● **The task**: Scan the data below for the string "assms". Copy every line where it appears.

(Collected data entries)
==================================================

lemma Gamma_relation_if_Delta_relation:
  assumes "enat (2 * k s) < m s" "s \<ge> 1" "length w < k s"
    and "eval_word (Delta k l m) (Delta_gens k l m) w = \<one>\<^bsub>Delta k l m\<^esub>"
  shows "eval_word Gamma_0_2_inf Gamma_gens w = \<one>\<^bsub>Gamma_0_2_inf\<^esub>"
proof -
  have "eval_word (ZwrD (zmod_index (m s)) (l s)) (wreath_gens (zmod_index (m s)) (l s) (int (k s))) w
      = \<one>\<^bsub>ZwrD (zmod_index (m s)) (l s)\<^esub>"
    using assms(2,4) by (simp add: Delta_word_eq_one_iff)
  then show ?thesis using short_word_eq_one_iff_Gamma[OF assms(3) zmod_index_gt[OF assms(1)]]
    by (simp add: Gamma_0_2_inf_eq Gamma_gens_eq)
qed

theorem lemma2p3:
  fixes k :: "nat \<Rightarrow> nat" and l m :: "nat \<Rightarrow> enat"
  assumes "\<forall>s\<ge>1. l s \<ge> 2"
    and "\<forall>s\<ge>1. m s \<ge> 1"
    and "\<forall>s\<ge>1. enat (2 * k s) < m s"
  shows "(\<forall>R::real. R < (real (INF s\<in>{1..}. k s) - 1) / 2 \<longrightarrow>
            balls_coincide R (Delta k l m) (Delta_gens k l m) Gamma_0_2_inf Gamma_gens)
       \<and> (\<not> bdd_above (k ` {1..}) \<longrightarrow>
            marked_quotient Gamma_0_2_inf Gamma_gens (Delta k l m) (Delta_gens k l m))"
proof (intro conjI allI impI)
  fix R :: real assume "R < (real (INF s\<in>{1..}. k s) - 1) / 2"
  then have R: "2 * R < real (INF s\<in>{1..}. k s) - 1" by simp
  have "length w < k s" if "real (length w) \<le> 2 * R" "s \<ge> 1" for w s
  proof -
    have "(INF s\<in>{1..}. k s) \<le> k s" using that(2) by (intro cINF_lower) auto
    then have "real (INF s\<in>{1..}. k s) \<le> real (k s)" by (rule of_nat_mono)
    then have "real (length w) < real (k s)" using that(1) R by linarith
    then show ?thesis by simp
  qed
  then show "balls_coincide R (Delta k l m) (Delta_gens k l m) Gamma_0_2_inf Gamma_gens"
    unfolding balls_coincide_def using assms(3) by (intro allI impI Delta_word_eq_one_iff_Gamma) auto
next
  assume "\<not> bdd_above (k ` {1..})"
  then have long: "\<exists>s\<ge>1. length w < k s" for w
    by (meson atLeast_iff bdd_aboveI2 not_less)
  show "marked_quotient Gamma_0_2_inf Gamma_gens (Delta k l m) (Delta_gens k l m)"
  proof (rule marked_quotientI)
    fix w assume "eval_word (Delta k l m) (Delta_gens k l m) w = \<one>\<^bsub>Delta k l m\<^esub>"
    with long[of w] assms(3) show "eval_word Gamma_0_2_inf Gamma_gens w = \<one>\<^bsub>Gamma_0_2_inf\<^esub>"
      using Gamma_relation_if_Delta_relation by blast
  qed (simp_all add: Gamma_0_2_inf_eq Gamma_gens_eq group_Delta Delta_gens_in_Delta
      Delta_generated Gamma_generated)
qed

==================================================

● **Written reply**:
    using assms(2,4) by (simp add: Delta_word_eq_one_iff)
  then show ?thesis using short_word_eq_one_iff_Gamma[OF assms(3) zmod_index_gt[OF assms(1)]]
    unfolding balls_coincide_def using assms(3) by (intro allI impI Delta_word_eq_one_iff_Gamma) auto
    with long[of w] assms(3) show "eval_word Gamma_0_2_inf Gamma_gens w = \<one>\<^bsub>Gamma_0_2_inf\<^esub>"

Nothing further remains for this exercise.